◆ **What to work on**
Look through the entries below and count the lines that contain "Longrightarrow". Reply with that number only.

◆ **Data records**

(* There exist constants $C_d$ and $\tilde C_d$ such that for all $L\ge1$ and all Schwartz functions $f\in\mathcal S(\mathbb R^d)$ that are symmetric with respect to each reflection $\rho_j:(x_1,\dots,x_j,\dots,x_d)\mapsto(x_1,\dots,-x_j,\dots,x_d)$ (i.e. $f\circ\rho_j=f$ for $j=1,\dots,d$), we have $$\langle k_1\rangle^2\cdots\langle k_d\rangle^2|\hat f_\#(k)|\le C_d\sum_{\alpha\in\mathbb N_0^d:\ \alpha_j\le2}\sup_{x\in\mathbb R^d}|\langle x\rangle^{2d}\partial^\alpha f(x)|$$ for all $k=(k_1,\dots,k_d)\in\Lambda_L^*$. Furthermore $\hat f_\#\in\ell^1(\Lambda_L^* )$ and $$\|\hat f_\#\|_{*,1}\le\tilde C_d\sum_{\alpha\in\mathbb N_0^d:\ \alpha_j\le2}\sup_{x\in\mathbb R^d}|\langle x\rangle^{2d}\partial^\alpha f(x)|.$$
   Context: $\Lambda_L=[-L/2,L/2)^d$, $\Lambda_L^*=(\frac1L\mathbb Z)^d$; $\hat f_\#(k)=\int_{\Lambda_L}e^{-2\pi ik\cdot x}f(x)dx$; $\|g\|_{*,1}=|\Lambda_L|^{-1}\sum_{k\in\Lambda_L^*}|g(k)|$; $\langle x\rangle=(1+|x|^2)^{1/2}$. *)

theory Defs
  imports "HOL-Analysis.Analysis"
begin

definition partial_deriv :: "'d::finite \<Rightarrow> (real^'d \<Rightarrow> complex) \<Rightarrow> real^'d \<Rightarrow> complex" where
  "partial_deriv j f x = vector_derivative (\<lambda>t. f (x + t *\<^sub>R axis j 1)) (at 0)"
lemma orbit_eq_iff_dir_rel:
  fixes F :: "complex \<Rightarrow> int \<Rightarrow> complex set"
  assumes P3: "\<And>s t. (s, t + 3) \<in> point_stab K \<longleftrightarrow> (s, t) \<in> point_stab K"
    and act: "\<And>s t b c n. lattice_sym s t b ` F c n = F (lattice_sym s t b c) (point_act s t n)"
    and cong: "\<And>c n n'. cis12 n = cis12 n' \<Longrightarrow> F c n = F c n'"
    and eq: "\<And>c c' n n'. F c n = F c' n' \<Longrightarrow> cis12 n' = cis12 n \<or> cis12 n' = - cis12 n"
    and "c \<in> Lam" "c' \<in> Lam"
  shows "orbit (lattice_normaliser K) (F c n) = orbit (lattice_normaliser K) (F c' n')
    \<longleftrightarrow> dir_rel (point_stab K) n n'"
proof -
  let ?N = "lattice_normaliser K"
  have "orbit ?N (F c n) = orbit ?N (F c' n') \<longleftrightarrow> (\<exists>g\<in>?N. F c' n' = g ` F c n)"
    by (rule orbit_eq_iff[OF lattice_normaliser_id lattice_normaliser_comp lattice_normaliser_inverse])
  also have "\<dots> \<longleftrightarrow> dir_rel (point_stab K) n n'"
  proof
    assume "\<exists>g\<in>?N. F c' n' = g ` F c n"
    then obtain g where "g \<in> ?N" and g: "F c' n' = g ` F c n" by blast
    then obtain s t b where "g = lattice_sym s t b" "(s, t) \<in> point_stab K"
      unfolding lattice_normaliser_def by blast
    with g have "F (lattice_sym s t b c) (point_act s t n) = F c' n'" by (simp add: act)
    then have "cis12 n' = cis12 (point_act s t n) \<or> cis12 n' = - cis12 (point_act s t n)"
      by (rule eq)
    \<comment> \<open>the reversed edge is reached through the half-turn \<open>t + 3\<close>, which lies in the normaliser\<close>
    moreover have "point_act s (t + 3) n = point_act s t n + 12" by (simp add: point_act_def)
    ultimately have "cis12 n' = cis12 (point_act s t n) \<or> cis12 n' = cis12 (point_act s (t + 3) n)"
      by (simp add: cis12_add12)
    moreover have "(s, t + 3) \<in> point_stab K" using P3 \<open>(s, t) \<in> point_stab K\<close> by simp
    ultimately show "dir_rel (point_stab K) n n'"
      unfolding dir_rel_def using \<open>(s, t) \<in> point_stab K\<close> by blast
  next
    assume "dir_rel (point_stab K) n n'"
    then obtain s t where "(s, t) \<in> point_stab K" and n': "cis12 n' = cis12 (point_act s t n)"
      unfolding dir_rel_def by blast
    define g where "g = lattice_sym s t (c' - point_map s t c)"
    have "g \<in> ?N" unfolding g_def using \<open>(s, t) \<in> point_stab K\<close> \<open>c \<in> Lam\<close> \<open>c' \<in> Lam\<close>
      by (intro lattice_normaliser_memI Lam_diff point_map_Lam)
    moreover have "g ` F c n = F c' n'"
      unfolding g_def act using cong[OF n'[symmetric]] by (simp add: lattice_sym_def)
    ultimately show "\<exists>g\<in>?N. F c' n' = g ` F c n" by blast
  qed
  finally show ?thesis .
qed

◆ **Result of this exercise**
2